Baku. 8 August. REPORT.AZ/ The US Treasury bond market continues to noticeably react to uncertainty regarding the upcoming increase in the US public debt ceiling. While treasury bills with maturity in October continue to decline compared to securities of November and December, the market is very grimly assessing the situation associated with the approaching extreme date of raising the upper limit of US debt.
Report informs citing the Vesti.Ekonomika, the US Treasury expects that it will be able to finance the government only until the end of September. Because of serious political disagreements in the congress, investors admit the risk of US default on the backdrop of the inability of legislators to agree on any issues. Now 5-year old CDS on American bonds in comparison with a similar tool for securities of Germany are at the highest levels since the bankruptcy of Lehman Brothers in 2008.
Notably, on September 30, 2013, the US Federal Government partially ceased its work, as Republicans and Democrats could not agree on the budget parameters for the fiscal year, which began on October 1, 2013. Over 1 mln civil servants could not work for 16 days. Not only ministries and departments, but also museums and national parks stopped working. The Americans themselves faced with delays in obtaining various certificates and documents. The partial cessation of the government's activity reduced the quarterly growth of the US economy by 0.25 pp and costed 120,000 job losses in October.
But while debt and credit risks are desperately signaling concern, the VIX curve gives a completely opposite picture, referring to the relative fall in volatility.
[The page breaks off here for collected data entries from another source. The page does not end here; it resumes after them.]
lemma finite_convex_nat_set_eq_atLeastAtMost:
  fixes S :: "nat set"
  assumes "finite S" "S \<noteq> {}"
    and convex: "\<And>i j m. i \<in> S \<Longrightarrow> j \<in> S \<Longrightarrow> i \<le> m \<Longrightarrow> m \<le> j \<Longrightarrow> m \<in> S"
  shows "S = {Min S..Max S}"
proof
  show "S \<subseteq> {Min S..Max S}"
    using assms(1) by auto
  show "{Min S..Max S} \<subseteq> S"
  proof
    fix m assume "m \<in> {Min S..Max S}"
    then show "m \<in> S"
      using convex[of "Min S" "Max S" m] assms(1,2) by simp
  qed
qed
lemma norm_sum_e_fwd_diff_in_range:
  fixes \<phi> :: "nat \<Rightarrow> real" and k :: int and d :: real
  assumes d: "0 < d" "d \<le> 1/2"
    and mono: "\<And>i j. i \<le> j \<Longrightarrow> j \<le> L \<Longrightarrow> fwd_diff \<phi> i \<le> fwd_diff \<phi> j"
  shows "norm (\<Sum>j | j \<le> L \<and> k + d \<le> fwd_diff \<phi> j \<and> fwd_diff \<phi> j < k + 1 - d. e (\<phi> j))
    \<le> 2 / (pi * d)"
    (is "norm (\<Sum>j\<in>?S. _) \<le> _")
proof (cases "?S = {}")
  case True
  show ?thesis
    unfolding True using d by simp
next
  case False
  define a where "a = Min ?S"
  define b where "b = Max ?S"
  have "finite ?S"
    by simp
  have "b \<in> ?S"
    unfolding b_def using \<open>finite ?S\<close> False by (rule Max_in)
  then have "a \<le> b" "b \<le> L"
    unfolding a_def using \<open>finite ?S\<close> by (simp_all add: Min_le)
  have S: "?S = {a..b}"
    unfolding a_def b_def
  proof (rule finite_convex_nat_set_eq_atLeastAtMost)
    fix i j m assume i: "i \<in> ?S" and j: "j \<in> ?S" and "i \<le> m" "m \<le> j"
    then have "m \<le> L"
      by simp
    then have "fwd_diff \<phi> i \<le> fwd_diff \<phi> m" "fwd_diff \<phi> m \<le> fwd_diff \<phi> j"
      using mono \<open>i \<le> m\<close> \<open>m \<le> j\<close> j by simp_all
    then show "m \<in> ?S"
      using i j \<open>m \<le> L\<close> by simp
  qed (use \<open>finite ?S\<close> False in simp_all)
  define \<psi> where "\<psi> i = \<phi> (a + i)" for i
  have "(\<Sum>j\<in>?S. e (\<phi> j)) = (\<Sum>i\<le>b - a. e (\<psi> i))"
    unfolding S using \<open>a \<le> b\<close> by (simp add: sum.atLeastAtMost_shift_0 atLeast0AtMost \<psi>_def)
  also have "norm \<dots> \<le> cot (pi * d / 2)"
  proof (rule kusmin_landau[OF d])
    fix i assume "i \<le> b - a"
    then have "a + i \<in> ?S"
      unfolding S using \<open>a \<le> b\<close> by simp
    then show "k + d \<le> fwd_diff \<psi> i \<and> fwd_diff \<psi> i \<le> k + 1 - d"
      by (simp add: \<psi>_def fwd_diff_def)
  next
    fix i assume "i < b - a"
    then show "fwd_diff \<psi> i \<le> fwd_diff \<psi> (Suc i)"
      using mono[of "a + i" "Suc (a + i)"] \<open>b \<le> L\<close> by (simp add: \<psi>_def fwd_diff_def)
  qed
  also have "\<dots> \<le> 1 / (pi * d / 2)"
    using d by (intro cot_le_inverse) auto
  finally show ?thesis
    by simp
qed
lemma norm_sum_e_fwd_diff_level_set:
  fixes \<phi> :: "nat \<Rightarrow> real" and k :: int and lam d :: real
  assumes "0 < lam" and d: "0 < d" "d \<le> 1/2"
    and incr: "\<And>i j. i \<le> j \<Longrightarrow> j \<le> L \<Longrightarrow> lam * (real j - real i) \<le> fwd_diff \<phi> j - fwd_diff \<phi> i"
  shows "norm (\<Sum>j | j \<le> L \<and> \<lfloor>fwd_diff \<phi> j + d\<rfloor> = k. e (\<phi> j)) \<le> 2 * d / lam + 1 + 2 / (pi * d)"
proof -
  \<comment> \<open>The upper bound of B is written as (k - d) + 2 d so that card_le_of_increments applies.\<close>
  define B where "B = {j. j \<le> L \<and> k - d \<le> fwd_diff \<phi> j \<and> fwd_diff \<phi> j < (k - d) + 2 * d}"
  define G where "G = {j. j \<le> L \<and> k + d \<le> fwd_diff \<phi> j \<and> fwd_diff \<phi> j < k + 1 - d}"
  have "{j. j \<le> L \<and> \<lfloor>fwd_diff \<phi> j + d\<rfloor> = k} = B \<union> G"
    using d by (auto simp: B_def G_def floor_eq_iff)
  moreover have "B \<inter> G = {}"
    by (auto simp: B_def G_def)
  ultimately have "(\<Sum>j | j \<le> L \<and> \<lfloor>fwd_diff \<phi> j + d\<rfloor> = k. e (\<phi> j)) = (\<Sum>j\<in>B. e (\<phi> j)) + (\<Sum>j\<in>G. e (\<phi> j))"
    by (simp add: B_def G_def sum.union_disjoint)
  then have "norm (\<Sum>j | j \<le> L \<and> \<lfloor>fwd_diff \<phi> j + d\<rfloor> = k. e (\<phi> j))
      \<le> norm (\<Sum>j\<in>B. e (\<phi> j)) + norm (\<Sum>j\<in>G. e (\<phi> j))"
    by (simp add: norm_triangle_ineq)
  moreover have "norm (\<Sum>j\<in>B. e (\<phi> j)) \<le> 2 * d / lam + 1"
  proof -
    have "norm (\<Sum>j\<in>B. e (\<phi> j)) \<le> card B"
      using norm_sum[of "\<lambda>j. e (\<phi> j)" B] by simp
    also have "\<dots> \<le> 2 * d / lam + 1"
      unfolding B_def using \<open>0 < lam\<close> d incr by (intro card_le_of_increments) auto
    finally show ?thesis .
  qed
  moreover have "norm (\<Sum>j\<in>G. e (\<phi> j)) \<le> 2 / (pi * d)"
    unfolding G_def
  proof (rule norm_sum_e_fwd_diff_in_range[OF d])
    fix i j :: nat assume "i \<le> j" "j \<le> L"
    moreover have "0 \<le> lam * (real j - real i)"
      using \<open>0 < lam\<close> \<open>i \<le> j\<close> by simp
    ultimately show "fwd_diff \<phi> i \<le> fwd_diff \<phi> j"
      using incr[of i j] by linarith
  qed
  ultimately show ?thesis
    by linarith
qed
lemma norm_sum_e_le_second_fwd_diff:
  fixes \<phi> :: "nat \<Rightarrow> real" and lam Lam d :: real
  assumes "0 < lam" and d: "0 < d" "d \<le> 1/2"
    and bounds: "\<And>j. j < L \<Longrightarrow> lam \<le> fwd_diff (fwd_diff \<phi>) j \<and> fwd_diff (fwd_diff \<phi>) j \<le> Lam"
  shows "norm (\<Sum>j\<le>L. e (\<phi> j)) \<le> (Lam * L + 2) * (2 * d / lam + 1 + 2 / (pi * d))"
proof -
  define g where "g = fwd_diff \<phi>"
  define \<kappa> where "\<kappa> j = \<lfloor>g j + d\<rfloor>" for j
  have incr: "lam * (real j - real i) \<le> g j - g i \<and> g j - g i \<le> Lam * (real j - real i)"
    if "i \<le> j" "j \<le> L" for i j
    unfolding g_def using bounds that by (rule fwd_diff_bounds_imp_increment_bounds)
  have "\<kappa> i \<le> \<kappa> j" if "i \<le> j" "j \<le> L" for i j
  proof -
    have "0 \<le> lam * (real j - real i)"
      using \<open>0 < lam\<close> \<open>i \<le> j\<close> by simp
    then show ?thesis
      using incr[OF that] unfolding \<kappa>_def by (intro floor_mono) linarith
  qed
  then have "\<kappa> ` {..L} \<subseteq> {\<kappa> 0..\<kappa> L}"
    by auto
  then have "(\<Sum>j\<le>L. e (\<phi> j)) = (\<Sum>k\<in>{\<kappa> 0..\<kappa> L}. \<Sum>j | j \<le> L \<and> \<kappa> j = k. e (\<phi> j))"
    by (subst sum.group[symmetric]) auto
  also have "norm \<dots> \<le> (\<Sum>k\<in>{\<kappa> 0..\<kappa> L}. 2 * d / lam + 1 + 2 / (pi * d))"
    unfolding \<kappa>_def g_def using \<open>0 < lam\<close> d incr
    by (intro sum_norm_le norm_sum_e_fwd_diff_level_set) (auto simp: g_def)
  also have "\<dots> \<le> (Lam * L + 2) * (2 * d / lam + 1 + 2 / (pi * d))"
  proof -
    have "real (card {\<kappa> 0..\<kappa> L}) = \<kappa> L - \<kappa> 0 + 1"
      using \<open>\<kappa> ` {..L} \<subseteq> {\<kappa> 0..\<kappa> L}\<close> by auto
    also have "\<dots> \<le> g L - g 0 + 2"
      unfolding \<kappa>_def by linarith
    also have "\<dots> \<le> Lam * L + 2"
      using incr[of 0 L] by simp
    finally show ?thesis
      using \<open>0 < lam\<close> d by (simp add: mult_right_mono)
  qed
  finally show ?thesis .
qed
But the same curve indicates problems in early 2018.
Notably, US debt ceiling is set at around 19.808 trln dollars. Until the limit is not exceeded, the US Treasury is helped by the reserves accumulated on the accounts in the Federal Reserve, although since March their volume has more than halved, from $ 405 bln to $ 197 bln. Since 1960, the US exceeded the national debt ceiling 79 times. The ratio of public debt to GDP in 2016 reached 77% - the largest amount since the Second World War. This debt ratio is projected to reach a new record high of 107% by 2035 and 150% by the end of the projected 30-year period in 2047.